:: Work instruction ::
In the records below, the line with "xy by (cases" opens the range and the line with "by (rule mod_div_mult_eq[symmetric])" closes it; print that range exactly and nothing else.

:: Listed entries ::
+ + + + +

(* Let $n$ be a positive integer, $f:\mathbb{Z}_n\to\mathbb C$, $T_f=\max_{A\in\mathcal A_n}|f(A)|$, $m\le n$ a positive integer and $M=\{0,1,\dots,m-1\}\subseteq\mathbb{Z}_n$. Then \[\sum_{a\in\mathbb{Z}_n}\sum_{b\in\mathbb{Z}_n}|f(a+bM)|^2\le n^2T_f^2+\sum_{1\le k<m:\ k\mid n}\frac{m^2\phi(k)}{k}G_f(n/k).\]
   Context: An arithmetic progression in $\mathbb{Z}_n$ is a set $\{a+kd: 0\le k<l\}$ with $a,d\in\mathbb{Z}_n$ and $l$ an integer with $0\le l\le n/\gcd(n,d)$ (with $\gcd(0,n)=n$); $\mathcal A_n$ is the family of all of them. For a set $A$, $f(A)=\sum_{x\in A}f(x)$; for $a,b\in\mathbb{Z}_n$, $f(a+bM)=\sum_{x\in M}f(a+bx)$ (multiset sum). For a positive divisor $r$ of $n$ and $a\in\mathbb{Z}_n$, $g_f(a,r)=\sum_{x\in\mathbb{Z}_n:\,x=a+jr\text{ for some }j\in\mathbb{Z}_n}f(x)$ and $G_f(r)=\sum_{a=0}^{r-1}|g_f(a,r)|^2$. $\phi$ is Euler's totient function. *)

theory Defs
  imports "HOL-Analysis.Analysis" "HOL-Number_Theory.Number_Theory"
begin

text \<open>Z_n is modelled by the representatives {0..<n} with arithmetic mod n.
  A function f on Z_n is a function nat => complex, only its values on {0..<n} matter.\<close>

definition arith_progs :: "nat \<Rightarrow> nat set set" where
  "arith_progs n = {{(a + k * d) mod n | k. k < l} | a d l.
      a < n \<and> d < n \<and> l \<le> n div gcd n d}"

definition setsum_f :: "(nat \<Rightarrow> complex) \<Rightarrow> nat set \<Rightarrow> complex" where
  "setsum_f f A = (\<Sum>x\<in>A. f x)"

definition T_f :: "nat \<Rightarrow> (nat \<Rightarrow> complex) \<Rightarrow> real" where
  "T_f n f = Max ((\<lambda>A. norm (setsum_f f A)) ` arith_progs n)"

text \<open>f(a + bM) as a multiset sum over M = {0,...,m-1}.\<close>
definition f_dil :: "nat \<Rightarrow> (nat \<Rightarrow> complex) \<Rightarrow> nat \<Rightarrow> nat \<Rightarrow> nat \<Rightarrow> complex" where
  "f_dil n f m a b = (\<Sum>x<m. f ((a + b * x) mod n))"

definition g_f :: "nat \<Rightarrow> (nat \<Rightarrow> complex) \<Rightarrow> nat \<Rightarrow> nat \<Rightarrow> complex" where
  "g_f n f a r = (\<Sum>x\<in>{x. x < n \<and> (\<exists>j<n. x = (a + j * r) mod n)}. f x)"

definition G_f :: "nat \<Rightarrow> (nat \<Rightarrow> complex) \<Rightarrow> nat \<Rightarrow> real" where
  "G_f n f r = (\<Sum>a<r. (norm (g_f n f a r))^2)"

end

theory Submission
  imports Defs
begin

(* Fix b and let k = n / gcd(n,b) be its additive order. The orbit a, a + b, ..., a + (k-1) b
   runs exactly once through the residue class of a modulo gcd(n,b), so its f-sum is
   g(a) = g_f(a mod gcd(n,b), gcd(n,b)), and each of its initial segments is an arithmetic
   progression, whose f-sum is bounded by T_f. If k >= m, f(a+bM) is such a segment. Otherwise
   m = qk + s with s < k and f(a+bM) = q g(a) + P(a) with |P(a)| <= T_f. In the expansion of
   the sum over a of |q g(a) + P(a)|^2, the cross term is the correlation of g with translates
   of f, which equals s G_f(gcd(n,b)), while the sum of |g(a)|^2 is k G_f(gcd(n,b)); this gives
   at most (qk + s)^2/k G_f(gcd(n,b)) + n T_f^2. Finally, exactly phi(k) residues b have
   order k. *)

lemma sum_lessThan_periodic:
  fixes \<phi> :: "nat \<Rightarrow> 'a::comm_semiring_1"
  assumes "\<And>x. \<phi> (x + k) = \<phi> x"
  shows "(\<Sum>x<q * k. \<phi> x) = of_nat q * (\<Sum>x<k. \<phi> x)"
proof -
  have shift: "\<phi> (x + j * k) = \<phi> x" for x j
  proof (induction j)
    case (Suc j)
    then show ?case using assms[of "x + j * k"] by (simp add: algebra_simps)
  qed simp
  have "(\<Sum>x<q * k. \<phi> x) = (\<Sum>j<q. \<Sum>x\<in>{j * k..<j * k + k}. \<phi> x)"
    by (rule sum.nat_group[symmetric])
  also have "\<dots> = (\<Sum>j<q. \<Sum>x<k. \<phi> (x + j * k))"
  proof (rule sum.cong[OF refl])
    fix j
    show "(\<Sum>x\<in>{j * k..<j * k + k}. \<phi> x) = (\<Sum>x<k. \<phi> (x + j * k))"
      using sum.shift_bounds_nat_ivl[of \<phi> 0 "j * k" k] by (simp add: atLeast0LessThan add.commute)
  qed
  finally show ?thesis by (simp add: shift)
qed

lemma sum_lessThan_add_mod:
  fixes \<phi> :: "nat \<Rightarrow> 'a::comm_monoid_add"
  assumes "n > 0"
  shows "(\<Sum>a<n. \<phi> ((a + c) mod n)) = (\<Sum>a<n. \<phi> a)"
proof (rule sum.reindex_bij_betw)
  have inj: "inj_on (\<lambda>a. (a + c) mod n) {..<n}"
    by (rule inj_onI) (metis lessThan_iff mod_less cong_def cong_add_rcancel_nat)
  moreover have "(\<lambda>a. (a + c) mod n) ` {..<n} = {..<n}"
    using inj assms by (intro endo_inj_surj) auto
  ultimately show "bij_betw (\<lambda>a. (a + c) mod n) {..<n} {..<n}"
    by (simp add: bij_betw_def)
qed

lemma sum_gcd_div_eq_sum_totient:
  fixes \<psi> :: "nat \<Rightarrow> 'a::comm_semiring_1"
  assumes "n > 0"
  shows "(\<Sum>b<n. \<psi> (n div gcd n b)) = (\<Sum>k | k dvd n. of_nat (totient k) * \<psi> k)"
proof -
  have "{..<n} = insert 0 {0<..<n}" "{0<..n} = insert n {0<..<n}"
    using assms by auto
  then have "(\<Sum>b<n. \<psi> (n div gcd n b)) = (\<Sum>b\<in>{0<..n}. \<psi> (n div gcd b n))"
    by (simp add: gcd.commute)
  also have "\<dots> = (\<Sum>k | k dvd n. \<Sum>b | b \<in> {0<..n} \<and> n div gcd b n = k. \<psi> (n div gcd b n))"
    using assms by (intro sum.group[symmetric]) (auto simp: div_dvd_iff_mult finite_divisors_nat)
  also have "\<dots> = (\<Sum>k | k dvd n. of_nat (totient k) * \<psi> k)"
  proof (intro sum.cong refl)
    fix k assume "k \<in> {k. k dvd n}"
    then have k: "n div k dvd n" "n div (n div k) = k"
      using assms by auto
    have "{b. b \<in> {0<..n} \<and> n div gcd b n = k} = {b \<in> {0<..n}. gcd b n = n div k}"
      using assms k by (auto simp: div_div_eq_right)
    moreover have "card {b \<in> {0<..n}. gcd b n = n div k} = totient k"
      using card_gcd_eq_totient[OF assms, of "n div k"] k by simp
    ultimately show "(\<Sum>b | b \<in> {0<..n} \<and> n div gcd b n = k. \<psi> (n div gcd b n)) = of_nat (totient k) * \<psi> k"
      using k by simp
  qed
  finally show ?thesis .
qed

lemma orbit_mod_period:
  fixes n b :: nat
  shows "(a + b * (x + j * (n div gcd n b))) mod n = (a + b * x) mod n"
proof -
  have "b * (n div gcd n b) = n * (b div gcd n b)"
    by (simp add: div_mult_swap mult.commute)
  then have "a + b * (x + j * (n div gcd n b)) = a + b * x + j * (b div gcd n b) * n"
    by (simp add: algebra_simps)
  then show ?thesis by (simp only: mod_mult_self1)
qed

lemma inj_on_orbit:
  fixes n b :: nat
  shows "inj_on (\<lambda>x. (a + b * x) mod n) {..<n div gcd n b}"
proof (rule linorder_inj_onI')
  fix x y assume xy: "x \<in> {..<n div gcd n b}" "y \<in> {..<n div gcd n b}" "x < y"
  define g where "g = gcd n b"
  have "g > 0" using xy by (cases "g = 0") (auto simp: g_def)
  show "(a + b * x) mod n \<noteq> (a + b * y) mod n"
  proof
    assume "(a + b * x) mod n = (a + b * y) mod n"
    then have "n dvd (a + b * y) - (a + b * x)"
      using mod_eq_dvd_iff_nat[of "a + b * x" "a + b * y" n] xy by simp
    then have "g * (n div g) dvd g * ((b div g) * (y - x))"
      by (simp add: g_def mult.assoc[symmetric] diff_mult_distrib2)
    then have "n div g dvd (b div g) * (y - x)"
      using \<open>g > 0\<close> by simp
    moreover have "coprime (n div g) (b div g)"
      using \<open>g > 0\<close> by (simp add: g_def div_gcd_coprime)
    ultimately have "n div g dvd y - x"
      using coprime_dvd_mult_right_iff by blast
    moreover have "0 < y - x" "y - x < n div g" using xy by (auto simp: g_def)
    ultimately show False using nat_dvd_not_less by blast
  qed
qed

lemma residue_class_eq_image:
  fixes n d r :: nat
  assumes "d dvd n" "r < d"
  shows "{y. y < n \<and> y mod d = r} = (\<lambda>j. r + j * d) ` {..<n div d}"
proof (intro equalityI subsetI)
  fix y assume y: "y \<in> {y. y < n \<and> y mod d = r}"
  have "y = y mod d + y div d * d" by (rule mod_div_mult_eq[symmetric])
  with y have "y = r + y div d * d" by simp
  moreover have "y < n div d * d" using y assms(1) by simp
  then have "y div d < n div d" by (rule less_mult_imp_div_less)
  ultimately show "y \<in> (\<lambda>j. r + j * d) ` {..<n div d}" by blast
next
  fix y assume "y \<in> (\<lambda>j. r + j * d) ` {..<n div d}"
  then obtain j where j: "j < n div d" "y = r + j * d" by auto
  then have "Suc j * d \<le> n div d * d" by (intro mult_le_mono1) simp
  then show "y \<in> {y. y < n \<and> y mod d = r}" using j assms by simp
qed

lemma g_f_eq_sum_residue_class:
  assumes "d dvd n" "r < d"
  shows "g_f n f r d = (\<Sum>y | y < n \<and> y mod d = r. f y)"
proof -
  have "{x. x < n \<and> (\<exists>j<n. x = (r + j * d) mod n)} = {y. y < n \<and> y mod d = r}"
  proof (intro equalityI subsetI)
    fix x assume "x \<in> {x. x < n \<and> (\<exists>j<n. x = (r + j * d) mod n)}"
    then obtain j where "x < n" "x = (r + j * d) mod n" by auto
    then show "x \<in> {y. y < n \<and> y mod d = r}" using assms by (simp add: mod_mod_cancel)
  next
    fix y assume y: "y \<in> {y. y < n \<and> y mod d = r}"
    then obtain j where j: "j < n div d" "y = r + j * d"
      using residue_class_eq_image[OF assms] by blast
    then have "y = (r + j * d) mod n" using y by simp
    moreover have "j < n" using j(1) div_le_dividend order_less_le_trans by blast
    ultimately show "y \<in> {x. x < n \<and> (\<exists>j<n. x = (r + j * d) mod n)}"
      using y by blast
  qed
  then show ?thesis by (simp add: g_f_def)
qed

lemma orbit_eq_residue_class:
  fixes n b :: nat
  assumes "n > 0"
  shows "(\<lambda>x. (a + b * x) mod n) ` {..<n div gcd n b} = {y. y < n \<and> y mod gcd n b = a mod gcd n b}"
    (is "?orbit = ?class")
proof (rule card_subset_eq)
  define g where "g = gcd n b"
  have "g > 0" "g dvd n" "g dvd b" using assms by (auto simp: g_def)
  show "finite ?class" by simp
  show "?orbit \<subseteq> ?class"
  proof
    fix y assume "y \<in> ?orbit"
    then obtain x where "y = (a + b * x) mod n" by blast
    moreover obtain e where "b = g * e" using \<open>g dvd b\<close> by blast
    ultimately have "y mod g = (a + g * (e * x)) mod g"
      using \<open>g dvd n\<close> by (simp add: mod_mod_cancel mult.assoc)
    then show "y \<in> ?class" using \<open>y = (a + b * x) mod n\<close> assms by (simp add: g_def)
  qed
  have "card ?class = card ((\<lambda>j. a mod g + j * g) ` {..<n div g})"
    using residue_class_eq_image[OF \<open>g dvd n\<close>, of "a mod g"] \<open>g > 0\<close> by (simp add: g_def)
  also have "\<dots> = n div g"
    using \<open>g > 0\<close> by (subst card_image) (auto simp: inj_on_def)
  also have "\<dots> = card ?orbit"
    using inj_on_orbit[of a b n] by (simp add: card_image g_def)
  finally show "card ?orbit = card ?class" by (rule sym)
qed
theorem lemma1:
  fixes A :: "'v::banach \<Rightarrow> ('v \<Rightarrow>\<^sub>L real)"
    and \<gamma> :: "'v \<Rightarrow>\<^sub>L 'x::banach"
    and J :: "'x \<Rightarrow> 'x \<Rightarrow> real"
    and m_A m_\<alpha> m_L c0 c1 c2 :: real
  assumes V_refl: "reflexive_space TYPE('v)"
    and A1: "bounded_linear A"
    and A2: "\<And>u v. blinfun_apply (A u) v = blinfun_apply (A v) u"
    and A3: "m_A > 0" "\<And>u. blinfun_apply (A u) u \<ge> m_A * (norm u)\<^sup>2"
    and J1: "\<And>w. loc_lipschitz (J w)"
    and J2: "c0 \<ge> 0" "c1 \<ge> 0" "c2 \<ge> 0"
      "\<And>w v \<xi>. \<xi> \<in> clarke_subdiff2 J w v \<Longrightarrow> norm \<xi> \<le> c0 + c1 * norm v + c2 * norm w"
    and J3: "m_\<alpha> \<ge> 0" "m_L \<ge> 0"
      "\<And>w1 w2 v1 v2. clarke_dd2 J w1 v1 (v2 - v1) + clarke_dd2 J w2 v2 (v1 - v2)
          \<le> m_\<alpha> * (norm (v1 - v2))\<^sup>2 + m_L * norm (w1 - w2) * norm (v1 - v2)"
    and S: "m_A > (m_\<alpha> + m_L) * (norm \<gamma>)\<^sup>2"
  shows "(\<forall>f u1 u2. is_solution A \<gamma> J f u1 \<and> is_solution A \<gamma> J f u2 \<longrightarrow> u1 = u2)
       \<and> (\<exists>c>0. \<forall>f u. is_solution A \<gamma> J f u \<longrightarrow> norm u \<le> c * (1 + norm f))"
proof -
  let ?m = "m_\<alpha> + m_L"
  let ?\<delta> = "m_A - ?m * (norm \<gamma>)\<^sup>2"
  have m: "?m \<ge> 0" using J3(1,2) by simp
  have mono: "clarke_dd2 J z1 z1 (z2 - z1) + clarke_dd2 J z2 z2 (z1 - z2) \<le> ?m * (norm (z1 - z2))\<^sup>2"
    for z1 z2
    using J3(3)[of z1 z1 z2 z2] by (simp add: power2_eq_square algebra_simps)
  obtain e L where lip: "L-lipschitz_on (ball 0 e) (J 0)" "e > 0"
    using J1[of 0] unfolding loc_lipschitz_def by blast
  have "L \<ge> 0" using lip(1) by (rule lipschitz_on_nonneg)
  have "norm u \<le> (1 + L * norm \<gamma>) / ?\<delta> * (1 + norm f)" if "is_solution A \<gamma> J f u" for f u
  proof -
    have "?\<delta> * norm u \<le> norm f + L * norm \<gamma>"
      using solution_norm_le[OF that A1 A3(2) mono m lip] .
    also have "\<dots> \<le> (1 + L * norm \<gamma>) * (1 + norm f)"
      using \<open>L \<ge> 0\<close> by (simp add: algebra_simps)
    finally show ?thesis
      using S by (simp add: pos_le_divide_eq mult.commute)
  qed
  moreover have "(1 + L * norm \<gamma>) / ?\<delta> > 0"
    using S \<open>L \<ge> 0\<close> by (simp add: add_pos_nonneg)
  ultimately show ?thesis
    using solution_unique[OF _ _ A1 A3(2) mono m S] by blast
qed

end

+ + + + +

:: Answer to the exercise ::
  have "g > 0" using xy by (cases "g = 0") (auto simp: g_def)
  show "(a + b * x) mod n \<noteq> (a + b * y) mod n"
  proof
    assume "(a + b * x) mod n = (a + b * y) mod n"
    then have "n dvd (a + b * y) - (a + b * x)"
      using mod_eq_dvd_iff_nat[of "a + b * x" "a + b * y" n] xy by simp
    then have "g * (n div g) dvd g * ((b div g) * (y - x))"
      by (simp add: g_def mult.assoc[symmetric] diff_mult_distrib2)
    then have "n div g dvd (b div g) * (y - x)"
      using \<open>g > 0\<close> by simp
    moreover have "coprime (n div g) (b div g)"
      using \<open>g > 0\<close> by (simp add: g_def div_gcd_coprime)
    ultimately have "n div g dvd y - x"
      using coprime_dvd_mult_right_iff by blast
    moreover have "0 < y - x" "y - x < n div g" using xy by (auto simp: g_def)
    ultimately show False using nat_dvd_not_less by blast
  qed
qed

lemma residue_class_eq_image:
  fixes n d r :: nat
  assumes "d dvd n" "r < d"
  shows "{y. y < n \<and> y mod d = r} = (\<lambda>j. r + j * d) ` {..<n div d}"
proof (intro equalityI subsetI)
  fix y assume y: "y \<in> {y. y < n \<and> y mod d = r}"
  have "y = y mod d + y div d * d" by (rule mod_div_mult_eq[symmetric])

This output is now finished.